By Suzan Fraser, Associated Press Writer

ANKARA, (AP) - The foreign ministers of Turkey and France held talks in Ankara Friday, saying they aimed to heal a relationship damaged by French recognition of the killings of Armenians as genocide.

Turkish Foreign Minister Ismail Cem signaled however, that French companies would continue to be barred from bidding for Turkish defense contracts.

"We have decided to look to the future without forgetting the past," Cem told reporters during a joint press conference. "There is a government decision (regarding
contracts) and that hasn't changed."

France's parliament voted in January to acknowledge what Armenians say was the genocidal slaughter of 1.5 million of their people in an Ottoman Empire campaign to force them from eastern Turkey between 1915 and 1923. Turkey says the death count is inflated, and that Armenians were killed or displaced as the Ottoman Empire tried to quell civil unrest.

Turkey retaliated against several French companies, canceling millions of dollars worth of defense deals.

"The decision taken by the French parliament had a negative affect on our relationship ... but France is traditionally a country in the European Union that supports Turkey," Cem said. Turkey was accepted as a candidate to join the EU in 1999.

Hubert Vedrine, his French counterpart who is on a one-day visit to Turkey, said France wanted "to show solidarity with Turkey in a difficult economic time." The Turkish lira has lost half its dollar value since a crisis broke February.

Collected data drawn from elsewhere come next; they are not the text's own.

lemma equiv_trancl:
  assumes "R \<subseteq> X \<times> X" and "Id_on X \<subseteq> R" and "sym R"
  shows "equiv X (R\<^sup>+)"
proof (rule equivI)
  show "R\<^sup>+ \<subseteq> X \<times> X" by (rule trancl_subset_Sigma[OF assms(1)])
  show "refl_on X (R\<^sup>+)"
    by (rule refl_onI) (use assms(2) in blast)
  show "sym (R\<^sup>+)" by (rule sym_trancl[OF assms(3)])
  show "trans (R\<^sup>+)" by (rule trans_trancl)
qed

lemma dbisim_subset: "dbisim X f \<subseteq> X \<times> X"
  by (auto simp: dbisim_def)

lemma sym_dbisim: "sym (dbisim X f)"
  by (auto simp: dbisim_def sym_def)

lemma dbisim_trancl_transfers:
  assumes "dialg X f"
  shows "transfers f (Frel ((dbisim X f)\<^sup>+)) ((dbisim X f)\<^sup>+)"
proof -
  have "dbisim X f \<subseteq> (dbisim X f)\<^sup>+" by auto
  then have "transfers f (Fstep X (dbisim X f)) ((dbisim X f)\<^sup>+)"
    by (rule transfers_mono[OF dbisim_transfers_Fstep[OF assms] order_refl])
  then have "transfers f ((Fstep X (dbisim X f))\<^sup>+) ((dbisim X f)\<^sup>+)"
    by (rule transfers_trancl[OF trans_trancl])
  then show ?thesis
    by (rule transfers_mono[OF _ Frel_trancl[OF dbisim_subset] order_refl])
qed

lemma dbisim_trancl:
  assumes "dialg X f"
  shows "(dbisim X f)\<^sup>+ = dbisim X f"
proof
  have "equiv X ((dbisim X f)\<^sup>+)"
    by (rule equiv_trancl[OF dbisim_subset Id_on_dbisim[OF assms] sym_dbisim])
  moreover have "bisim_conds X f ((dbisim X f)\<^sup>+)"
    using bisim_conds_iff_transfers[OF assms trancl_subset_Sigma[OF dbisim_subset]]
      dbisim_trancl_transfers[OF assms] by simp
  ultimately show "(dbisim X f)\<^sup>+ \<subseteq> dbisim X f"
    by (rule dbisim_greatest[OF assms])
qed auto

theorem theorem1:
  fixes X :: "'a set" and f :: "('a + 'a \<times> 'a) \<Rightarrow> 'a set" and R :: "'a rel"
  assumes "dialg X f"
  shows "(equiv X R \<longrightarrow>
            ((\<exists>(Y :: 'a set set) g h. dialg Y g \<and> dhom X f Y g h \<and> R = kernel X h)
               \<longleftrightarrow> bisim_conds X f R))
       \<and> (\<forall>(Y :: 'b set) g h. dialg Y g \<and> dhom X f Y g h \<longrightarrow> bisim_conds X f (kernel X h))
       \<and> (equiv X (dbisim X f) \<and> bisim_conds X f (dbisim X f)
          \<and> (\<forall>S. equiv X S \<and> bisim_conds X f S \<longrightarrow> S \<subseteq> dbisim X f))"
proof (intro conjI impI allI)
  assume "equiv X R"
  show "(\<exists>(Y :: 'a set set) g h. dialg Y g \<and> dhom X f Y g h \<and> R = kernel X h)
          \<longleftrightarrow> bisim_conds X f R"
    using kernel_bisim_conds[OF assms] bisim_conds_kernel[OF assms \<open>equiv X R\<close>] by blast
next
  fix Y :: "'b set" and g h
  assume "dialg Y g \<and> dhom X f Y g h"
  then show "bisim_conds X f (kernel X h)"
    using kernel_bisim_conds[OF assms] by blast
next
  show "equiv X (dbisim X f)"
    using equiv_trancl[OF dbisim_subset Id_on_dbisim[OF assms] sym_dbisim]
    by (simp add: dbisim_trancl[OF assms])
  show "bisim_conds X f (dbisim X f)"
    using dbisim_trancl_transfers[OF assms]
    by (simp add: dbisim_trancl[OF assms] bisim_conds_iff_transfers[OF assms dbisim_subset])
next
  fix S assume "equiv X S \<and> bisim_conds X f S"
  then show "S \<subseteq> dbisim X f"
    using dbisim_greatest[OF assms] by blast
qed

end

The ministers said they were keen to maintain a dialogue over Cyprus and European defense plans, two issues where Turkey and the EU disagree. Turkey has warned against EU plans to accept Cyprus as an EU member without a settlement on the island, which has been divided since a Turkish invasion in 1974.

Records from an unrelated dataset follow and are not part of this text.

(* Let $\lambda\in(0,r^\alpha)$ and consider the $\lambda$-NRW on the augmented tree. Then for every $f\in\mathcal D_X$, the trace function $\mathrm{Tr}f$ is continuous on $K$.
   Context: Let $\{S_i\}_{i=1}^N$ ($N\ge2$) be contractive similitudes of $\mathbb R^d$ with ratios $r_i\in(0,1)$ satisfying the open set condition; $K$ the self-similar set, $\alpha$ its Hausdorff dimension, $r=\min r_i$. $\Sigma^*$ finite words with empty word $\vartheta$, $S_{\mathbf x}=S_{i_1}\circ\cdots\circ S_{i_k}$, $r_{\mathbf x}=r_{i_1}\cdots r_{i_k}$. $\mathcal J_0=\{\vartheta\}$, $\mathcal J_n=\{i_1\cdots i_k:r_{i_1\cdots i_k}\le r^n<r_{i_1\cdots i_{k-1}}\}$, $X=\bigcup_n\mathcal J_n$, $|\mathbf x|=n$ on $\mathcal J_n$, parent $\mathbf x^-$ the prefix in $\mathcal J_{n-1}$. Edges: $\{\mathbf x,\mathbf x^-\}$ and horizontal $\{\mathbf x,\mathbf y\}$ ($\mathbf x\ne\mathbf y\in\mathcal J_n$, $\inf_{\xi,\eta\in K}|S_{\mathbf x}(\xi)-S_{\mathbf y}(\eta)|\le\gamma r^n$). Geodesic ray: $(\mathbf x_n)$, $\mathbf x_n\in\mathcal J_n$, each a prefix of the next, converging to $\xi$ if $\xi\in S_{\mathbf x_n}(K)$ for all $n$. $\lambda$-NRW conductances: $c(\mathbf x,\mathbf x^-)=r_{\mathbf x}^\alpha\lambda^{-|\mathbf x|}$, $c(\mathbf x,\mathbf y)\asymp r_{\mathbf x}^\alpha\lambda^{-|\mathbf x|}$ on horizontal edges. $\mathcal E_X[f]=\frac12\sum_{\mathbf x\sim\mathbf y}c(\mathbf x,\mathbf y)(f(\mathbf x)-f(\mathbf y))^2$, $\mathcal D_X=\{f:\mathcal E_X[f]<\infty\}$. For $\lambda\in(0,r^\alpha)$ and $f\in\mathcal D_X$, $\mathrm{Tr}f(\xi)=\lim_nf(\mathbf x_n)$ for any geodesic ray $(\mathbf x_n)$ converging to $\xi$; this limit exists and does not depend on the ray. *)

theory Defs
  imports "HOL-Analysis.Analysis" "HOL-Library.Sublist"
begin

definition hausdorff_pre :: "real \<Rightarrow> real \<Rightarrow> 'a::metric_space set \<Rightarrow> ennreal" where
  "hausdorff_pre s \<delta> E =
     (INF U \<in> {U :: nat \<Rightarrow> 'a set. E \<subseteq> (\<Union>i. U i) \<and> (\<forall>i. bounded (U i) \<and> diameter (U i) \<le> \<delta>)}.
        (\<Sum>i. ennreal (diameter (U i) powr s)))"

definition hausdorff_measure :: "real \<Rightarrow> 'a::metric_space set \<Rightarrow> ennreal" where
  "hausdorff_measure s E = (SUP \<delta> \<in> {0<..}. hausdorff_pre s \<delta> E)"

definition hausdorff_dim :: "'a::metric_space set \<Rightarrow> real" where
  "hausdorff_dim E = Inf {s. s > 0 \<and> hausdorff_measure s E = 0}"

definition similitude :: "('a::metric_space \<Rightarrow> 'a) \<Rightarrow> real \<Rightarrow> bool" where
  "similitude T c \<longleftrightarrow> (\<forall>x y. dist (T x) (T y) = c * dist x y)"

definition open_set_condition :: "nat \<Rightarrow> (nat \<Rightarrow> 'a::topological_space \<Rightarrow> 'a) \<Rightarrow> bool" where
  "open_set_condition N S \<longleftrightarrow>
     (\<exists>U. open U \<and> U \<noteq> {} \<and> (\<forall>i<N. S i ` U \<subseteq> U) \<and>
          (\<forall>i<N. \<forall>j<N. i \<noteq> j \<longrightarrow> S i ` U \<inter> S j ` U = {}))"

definition self_similar_set :: "nat \<Rightarrow> (nat \<Rightarrow> 'a::metric_space \<Rightarrow> 'a) \<Rightarrow> 'a set \<Rightarrow> bool" where
  "self_similar_set N S K \<longleftrightarrow> compact K \<and> K \<noteq> {} \<and> K = (\<Union>i<N. S i ` K)"

definition rw :: "(nat \<Rightarrow> real) \<Rightarrow> nat list \<Rightarrow> real" where
  "rw r x = prod_list (map r x)"

definition Sw :: "(nat \<Rightarrow> 'a \<Rightarrow> 'a) \<Rightarrow> nat list \<Rightarrow> 'a \<Rightarrow> 'a" where
  "Sw S x = foldr (\<lambda>i g. S i \<circ> g) x id"

definition rmin :: "nat \<Rightarrow> (nat \<Rightarrow> real) \<Rightarrow> real" where
  "rmin N r = Min (r ` {..<N})"

definition Jlev :: "nat \<Rightarrow> (nat \<Rightarrow> real) \<Rightarrow> nat \<Rightarrow> nat list set" where
  "Jlev N r n = (if n = 0 then {[]} else
     {x. set x \<subseteq> {..<N} \<and> x \<noteq> [] \<and> rw r x \<le> rmin N r ^ n \<and> rmin N r ^ n < rw r (butlast x)})"

definition level :: "nat \<Rightarrow> (nat \<Rightarrow> real) \<Rightarrow> nat list \<Rightarrow> nat" where
  "level N r x = (LEAST n. x \<in> Jlev N r n)"

definition vedge :: "nat \<Rightarrow> (nat \<Rightarrow> real) \<Rightarrow> nat list \<Rightarrow> nat list \<Rightarrow> bool" where
  "vedge N r x y \<longleftrightarrow> (\<exists>n\<ge>1. x \<in> Jlev N r n \<and> y \<in> Jlev N r (n - 1) \<and> prefix y x)"

definition hedge :: "nat \<Rightarrow> (nat \<Rightarrow> real) \<Rightarrow> (nat \<Rightarrow> 'a::metric_space \<Rightarrow> 'a) \<Rightarrow> 'a set \<Rightarrow> real
    \<Rightarrow> nat list \<Rightarrow> nat list \<Rightarrow> bool" where
  "hedge N r S K \<gamma> x y \<longleftrightarrow>
     (\<exists>n. x \<in> Jlev N r n \<and> y \<in> Jlev N r n \<and> x \<noteq> y \<and>
          (INF p \<in> K \<times> K. dist (Sw S x (fst p)) (Sw S y (snd p))) \<le> \<gamma> * rmin N r ^ n)"

definition adj :: "nat \<Rightarrow> (nat \<Rightarrow> real) \<Rightarrow> (nat \<Rightarrow> 'a::metric_space \<Rightarrow> 'a) \<Rightarrow> 'a set \<Rightarrow> real
    \<Rightarrow> nat list \<Rightarrow> nat list \<Rightarrow> bool" where
  "adj N r S K \<gamma> x y \<longleftrightarrow> vedge N r x y \<or> vedge N r y x \<or> hedge N r S K \<gamma> x y"

definition base_cond :: "nat \<Rightarrow> (nat \<Rightarrow> real) \<Rightarrow> real \<Rightarrow> real \<Rightarrow> nat list \<Rightarrow> real" where
  "base_cond N r \<alpha> lam x = rw r x powr \<alpha> / lam ^ level N r x"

Turkey also opposes plans for an EU defense force which would have access to NATO resources. As a non-EU NATO member, Turkey argues that it should play a role in decision-making in the new force.

Vedrine said the EU had to pay attention to Turkey's concerns but called on Turkey to "understand and facilitate the European project." Vedrine met Prime Minister Bulent Ecevit later Friday. He was not scheduled to meet President Ahmet Necdet Sezer, who is out of town. Newspapers reported that Sezer had snubbed Vedrine in protest of the Armenian genocide resolution.